Some rules of thumb that I have found useful are this:
If there is only one logical copy of a piece of information, it should be in one document (for example, if you have comments on a post, the simplest method is to embed them in the post)
If you would denormalize data in SQL land into some other table to avoid joins and whatnot, the same behavior applies in document storage: denormalize from one "main" location into copies in other locations. The copies should be thought of as copies, and not origin information, so they can be overwritten with future denormalization actions.
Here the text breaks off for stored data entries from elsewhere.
lemma level_limit_le_phi:
  assumes "\<And>n. y \<in> S_gamma d \<phi> \<gamma> (xs n)"
  shows "ereal level_limit \<le> \<phi> y"
proof (cases "\<phi> y")
  case (real r)
  have lim: "(\<lambda>n. r + inverse (real (Suc n))) \<longlonglongrightarrow> r + 0"
    by (intro tendsto_intros LIMSEQ_inverse_real_of_nat)
  have "level_limit \<le> r + 0"
  proof (rule LIMSEQ_le_const[OF lim], intro exI allI impI)
    fix n
    have "ereal (level (Suc n)) \<le> \<phi> y + ereal (inverse (Suc n))"
      using nearly_minimal[OF assms] by (simp add: phi_eq_level)
    then show "level_limit \<le> r + inverse (real (Suc n))"
      using level_limit_le[of "Suc n"] real by simp
  qed
  then show ?thesis
    using real by simp
qed (auto simp: phi_not_MInfty)

lemma phi_constant_on_S_gamma:
  assumes "y \<in> S_gamma d \<phi> \<gamma> z"
  shows "\<phi> y = \<phi> z"
proof (rule antisym)
  show "\<phi> y \<le> \<phi> z"
    using S_gamma_le[OF quasi_pseudometric _ assms] gamma_pos by simp
  have "\<phi> z \<le> ereal level_limit"
    by (rule phi_limit_le)
  also have "\<dots> \<le> \<phi> y"
    using S_gamma_trans[OF quasi_pseudometric _ limit_in_S_gamma assms] gamma_pos
    by (intro level_limit_le_phi) simp
  finally show "\<phi> z \<le> \<phi> y" .
qed

end

end

lemma Ekeland_descent_exists:
  assumes "quasi_pseudometric d" and "\<gamma> > 0" and "bounded_below_fun \<phi>" and "\<phi> x0 < \<infinity>"
  obtains xs where "Ekeland_descent d \<phi> \<gamma> xs" and "xs 0 = x0"
proof -
  obtain m where m: "\<And>x. ereal m \<le> \<phi> x"
    using assms(3) unfolding bounded_below_fun_def by blast
  define P where "P n x \<longleftrightarrow> \<phi> x < \<infinity> \<and> (n = 0 \<longrightarrow> x = x0)" for n :: nat and x
  define Q where "Q n x y \<longleftrightarrow> y \<in> S_gamma d \<phi> \<gamma> x \<and>
      (\<forall>w\<in>S_gamma d \<phi> \<gamma> x. \<phi> y \<le> \<phi> w + ereal (inverse (Suc n)))" for n x y
  have "\<exists>y. P (Suc n) y \<and> Q n x y" if "P n x" for x n
  proof -
    have "\<exists>y\<in>S_gamma d \<phi> \<gamma> x. \<forall>w\<in>S_gamma d \<phi> \<gamma> x. \<phi> y \<le> \<phi> w + ereal (inverse (Suc n))"
      using that m by (intro exists_nearly_minimal[OF S_gamma_refl[OF assms(1)]]) (auto simp: P_def)
    then obtain y where y: "Q n x y"
      unfolding Q_def by blast
    have "\<phi> y \<le> \<phi> x"
      using S_gamma_le[OF assms(1) _, of \<gamma> y] assms(2) y unfolding Q_def by simp
    then have "\<phi> y < \<infinity>"
      using that unfolding P_def by (meson le_less_trans)
    with y show ?thesis
      unfolding P_def by blast
  qed
  then obtain xs where "\<forall>n. P n (xs n) \<and> Q n (xs n) (xs (Suc n))"
    using dependent_nat_choice[of P Q] assms(4) unfolding P_def by blast
  then have "Ekeland_descent d \<phi> \<gamma> xs" and "xs 0 = x0"
    using assms unfolding P_def Q_def by (auto intro!: Ekeland_descent.intro)
  then show thesis
    by (rule that)
qed

lemma Ekeland_point_exists:
  assumes "quasi_pseudometric d" and "seq_right_K_complete d"
    and "bounded_below_fun \<phi>" and "q_lsc d \<phi>" and "\<gamma> > 0" and "\<phi> x0 < \<infinity>"
  obtains z where "z \<in> S_gamma d \<phi> \<gamma> x0" and "\<forall>y\<in>S_gamma d \<phi> \<gamma> z. \<phi> y = \<phi> z"
proof -
  obtain xs where descent: "Ekeland_descent d \<phi> \<gamma> xs" and "xs 0 = x0"
    by (rule Ekeland_descent_exists[OF assms(1,5,3,6)])
  then obtain z where "qconv d xs z"
    using Ekeland_descent.right_K_Cauchy assms(2) unfolding seq_right_K_complete_def by blast
  then show thesis
    using that Ekeland_descent.limit_in_S_gamma[OF descent _ assms(4), of z 0]
      Ekeland_descent.phi_constant_on_S_gamma[OF descent _ assms(4)] \<open>xs 0 = x0\<close>
    by auto
qed

theorem theorem3p4:
  fixes d :: "'a \<Rightarrow> 'a \<Rightarrow> real" and \<phi> :: "'a \<Rightarrow> ereal"
    and eps lam :: real and x0 :: 'a
  assumes "quasi_pseudometric d"
    and "seq_right_K_complete d"
    and "\<forall>x. \<phi> x \<noteq> -\<infinity>"
    and "proper_fun \<phi>"
    and "bounded_below_fun \<phi>"
    and "q_lsc d \<phi>"
    and "eps > 0" and "lam > 0"
    and "\<phi> x0 \<le> ereal eps + (INF x. \<phi> x)"
  shows "\<exists>z. \<phi> z + ereal ((eps / lam) * d z x0) \<le> \<phi> x0
           \<and> d z x0 \<le> lam
           \<and> (\<forall>y\<in>S_gamma d \<phi> (eps / lam) z. \<phi> y = \<phi> z)
           \<and> (\<forall>x\<in>UNIV - S_gamma d \<phi> (eps / lam) z.
                 \<phi> z < \<phi> x + ereal ((eps / lam) * d x z))"
proof -
  have near_inf: "\<phi> x0 \<le> ereal eps + \<phi> x" for x
    using assms(9) by (meson INF_lower UNIV_I add_left_mono order_trans)
  obtain p where "\<phi> p < \<infinity>"
    using assms(4) unfolding proper_fun_def by blast
  then have "ereal eps + \<phi> p < \<infinity>"
    by simp
  then have x0_finite: "\<phi> x0 < \<infinity>"
    using near_inf[of p] by (meson le_less_trans)
  have gamma_pos: "eps / lam > 0"
    using assms(7,8) by simp
  obtain z where z_in: "z \<in> S_gamma d \<phi> (eps / lam) x0"
    and z_const: "\<forall>y\<in>S_gamma d \<phi> (eps / lam) z. \<phi> y = \<phi> z"
    by (rule Ekeland_point_exists[OF assms(1,2,5,6) gamma_pos x0_finite])
  have "(eps / lam) * d z x0 \<le> eps"
    using S_gamma_dist_bound[OF assms(1) _ z_in x0_finite _ near_inf] gamma_pos assms(3) by simp
  then have "d z x0 \<le> lam"
    using assms(7,8) by (simp add: field_simps)
  moreover have "\<phi> z < \<phi> x + ereal ((eps / lam) * d x z)"
    if "x \<in> UNIV - S_gamma d \<phi> (eps / lam) z" for x
    using that by (simp add: S_gamma_def not_le)
  ultimately show ?thesis
    using z_in z_const unfolding S_gamma_def by blast
qed

end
If you have to access one canonical set of data, like a user account, from multiple locations, store references as ObjectId
s in mongodb, then execute a second query for the related document. You must be aware in your application that the second query is not a join, and will not lock both documents to ensure consistency, so there may be inconsistencies in the results.
Essentially, you should think of your database as consistent at the document level. Any query of related documents may be inconsistent, so if you need consistency, you can denormalize that data into one document.
If you need the user account to be exactly consistent with your comments, you will have to copy the relevant information next to your comments at the same time that you write the comments into the document. This means you have to think about consistency at the application level, all the time. If not, as I suspect is the case, just issue another query for the user.
If you are concerned about performance in querying for data on all of the users that participate in your page, I would recommend copying over some data from the user account next to the comment, but only read from this copy - you should write to your original user accounts.
That's all that comes to mind for now, but I may edit as things occur to me :)